lemma sat_elim_limits: "sat w i (elim_limits \<phi>) \<longleftrightarrow> sat w i \<phi>"
proof (induction \<phi> arbitrary: i)
  case (GF_ltl \<phi>)
  have "(\<forall>k\<ge>i. \<exists>j\<ge>k. sat w j \<phi>) \<longleftrightarrow> (\<forall>m. \<exists>j\<ge>m. sat w j \<phi>)"
    by (metis le_trans nat_le_linear)
  then show ?case by (simp add: GF_ltl INFM_nat_le)
next
  case (FG_ltl \<phi>)
  have "(\<exists>k\<ge>i. \<forall>j\<ge>k. sat w j \<phi>) \<longleftrightarrow> (\<exists>m. \<forall>j\<ge>m. sat w j \<phi>)"
    by (metis le_trans nat_le_linear)
  then show ?case by (simp add: FG_ltl MOST_nat_le)
qed auto

fun limit_free :: "'a ltl \<Rightarrow> bool" where
  "limit_free (GF_ltl \<phi>) \<longleftrightarrow> False"
| "limit_free (FG_ltl \<phi>) \<longleftrightarrow> False"
| "limit_free (And_ltl \<phi> \<psi>) \<longleftrightarrow> limit_free \<phi> \<and> limit_free \<psi>"
| "limit_free (Or_ltl \<phi> \<psi>) \<longleftrightarrow> limit_free \<phi> \<and> limit_free \<psi>"
| "limit_free (Next_ltl \<phi>) \<longleftrightarrow> limit_free \<phi>"
| "limit_free (Until_ltl \<phi> \<psi>) \<longleftrightarrow> limit_free \<phi> \<and> limit_free \<psi>"
| "limit_free (WeakUntil_ltl \<phi> \<psi>) \<longleftrightarrow> limit_free \<phi> \<and> limit_free \<psi>"
| "limit_free _ \<longleftrightarrow> True"

lemma limit_free_elim_limits: "limit_free (elim_limits \<phi>)"
  by (induction \<phi>) auto

lemma limit_free_subfs: "limit_free \<phi> \<Longrightarrow> \<psi> \<in> subfs \<phi> \<Longrightarrow> limit_free \<psi>"
  by (induction \<phi>) auto

lemma atoms_elim_limits: "atoms (elim_limits \<phi>) = atoms \<phi>"
  by (induction \<phi>) auto

lemma fsize_elim_limits: "fsize (elim_limits \<phi>) + 3 \<le> 4 * fsize \<phi>"
  by (induction \<phi>) auto

section \<open>Approximations relative to a guess\<close>

fun pi1_subst :: "'a ltl set \<Rightarrow> 'a ltl \<Rightarrow> 'a ltl" where
  "pi1_subst A (Until_ltl \<phi> \<psi>) =
     (if Until_ltl \<phi> \<psi> \<in> A then WeakUntil_ltl (pi1_subst A \<phi>) (pi1_subst A \<psi>) else False_ltl)"
| "pi1_subst A (WeakUntil_ltl \<phi> \<psi>) = WeakUntil_ltl (pi1_subst A \<phi>) (pi1_subst A \<psi>)"
| "pi1_subst A (And_ltl \<phi> \<psi>) = And_ltl (pi1_subst A \<phi>) (pi1_subst A \<psi>)"
| "pi1_subst A (Or_ltl \<phi> \<psi>) = Or_ltl (pi1_subst A \<phi>) (pi1_subst A \<psi>)"
| "pi1_subst A (Next_ltl \<phi>) = Next_ltl (pi1_subst A \<phi>)"
| "pi1_subst A \<phi> = \<phi>"

fun sigma1_subst :: "'a ltl set \<Rightarrow> 'a ltl \<Rightarrow> 'a ltl" where
  "sigma1_subst A (WeakUntil_ltl \<phi> \<psi>) =
     (if WeakUntil_ltl \<phi> \<psi> \<in> A then True_ltl else Until_ltl (sigma1_subst A \<phi>) (sigma1_subst A \<psi>))"
| "sigma1_subst A (Until_ltl \<phi> \<psi>) = Until_ltl (sigma1_subst A \<phi>) (sigma1_subst A \<psi>)"
| "sigma1_subst A (And_ltl \<phi> \<psi>) = And_ltl (sigma1_subst A \<phi>) (sigma1_subst A \<psi>)"
| "sigma1_subst A (Or_ltl \<phi> \<psi>) = Or_ltl (sigma1_subst A \<phi>) (sigma1_subst A \<psi>)"
| "sigma1_subst A (Next_ltl \<phi>) = Next_ltl (sigma1_subst A \<phi>)"
| "sigma1_subst A \<phi> = \<phi>"

fun sigma2_subst :: "'a ltl set \<Rightarrow> 'a ltl \<Rightarrow> 'a ltl" where
  "sigma2_subst A (WeakUntil_ltl \<phi> \<psi>) =
     Until_ltl (sigma2_subst A \<phi>) (Or_ltl (sigma2_subst A \<psi>) (WeakUntil_ltl (pi1_subst A \<phi>) False_ltl))"
| "sigma2_subst A (Until_ltl \<phi> \<psi>) = Until_ltl (sigma2_subst A \<phi>) (sigma2_subst A \<psi>)"
| "sigma2_subst A (And_ltl \<phi> \<psi>) = And_ltl (sigma2_subst A \<phi>) (sigma2_subst A \<psi>)"
| "sigma2_subst A (Or_ltl \<phi> \<psi>) = Or_ltl (sigma2_subst A \<phi>) (sigma2_subst A \<psi>)"
| "sigma2_subst A (Next_ltl \<phi>) = Next_ltl (sigma2_subst A \<phi>)"
| "sigma2_subst A \<phi> = \<phi>"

· · · · · · ·

PROBLEM REQUIREMENTS: Up to and including the line with "(WeakUntil_ltl \<phi> \<psi>) \<longleftrightarrow>", output every line of the records above exactly, starting from the first; output nothing else.

EXPECTED ANSWER:
lemma sat_elim_limits: "sat w i (elim_limits \<phi>) \<longleftrightarrow> sat w i \<phi>"
proof (induction \<phi> arbitrary: i)
  case (GF_ltl \<phi>)
  have "(\<forall>k\<ge>i. \<exists>j\<ge>k. sat w j \<phi>) \<longleftrightarrow> (\<forall>m. \<exists>j\<ge>m. sat w j \<phi>)"
    by (metis le_trans nat_le_linear)
  then show ?case by (simp add: GF_ltl INFM_nat_le)
next
  case (FG_ltl \<phi>)
  have "(\<exists>k\<ge>i. \<forall>j\<ge>k. sat w j \<phi>) \<longleftrightarrow> (\<exists>m. \<forall>j\<ge>m. sat w j \<phi>)"
    by (metis le_trans nat_le_linear)
  then show ?case by (simp add: FG_ltl MOST_nat_le)
qed auto

fun limit_free :: "'a ltl \<Rightarrow> bool" where
  "limit_free (GF_ltl \<phi>) \<longleftrightarrow> False"
| "limit_free (FG_ltl \<phi>) \<longleftrightarrow> False"
| "limit_free (And_ltl \<phi> \<psi>) \<longleftrightarrow> limit_free \<phi> \<and> limit_free \<psi>"
| "limit_free (Or_ltl \<phi> \<psi>) \<longleftrightarrow> limit_free \<phi> \<and> limit_free \<psi>"
| "limit_free (Next_ltl \<phi>) \<longleftrightarrow> limit_free \<phi>"
| "limit_free (Until_ltl \<phi> \<psi>) \<longleftrightarrow> limit_free \<phi> \<and> limit_free \<psi>"
| "limit_free (WeakUntil_ltl \<phi> \<psi>) \<longleftrightarrow> limit_free \<phi> \<and> limit_free \<psi>"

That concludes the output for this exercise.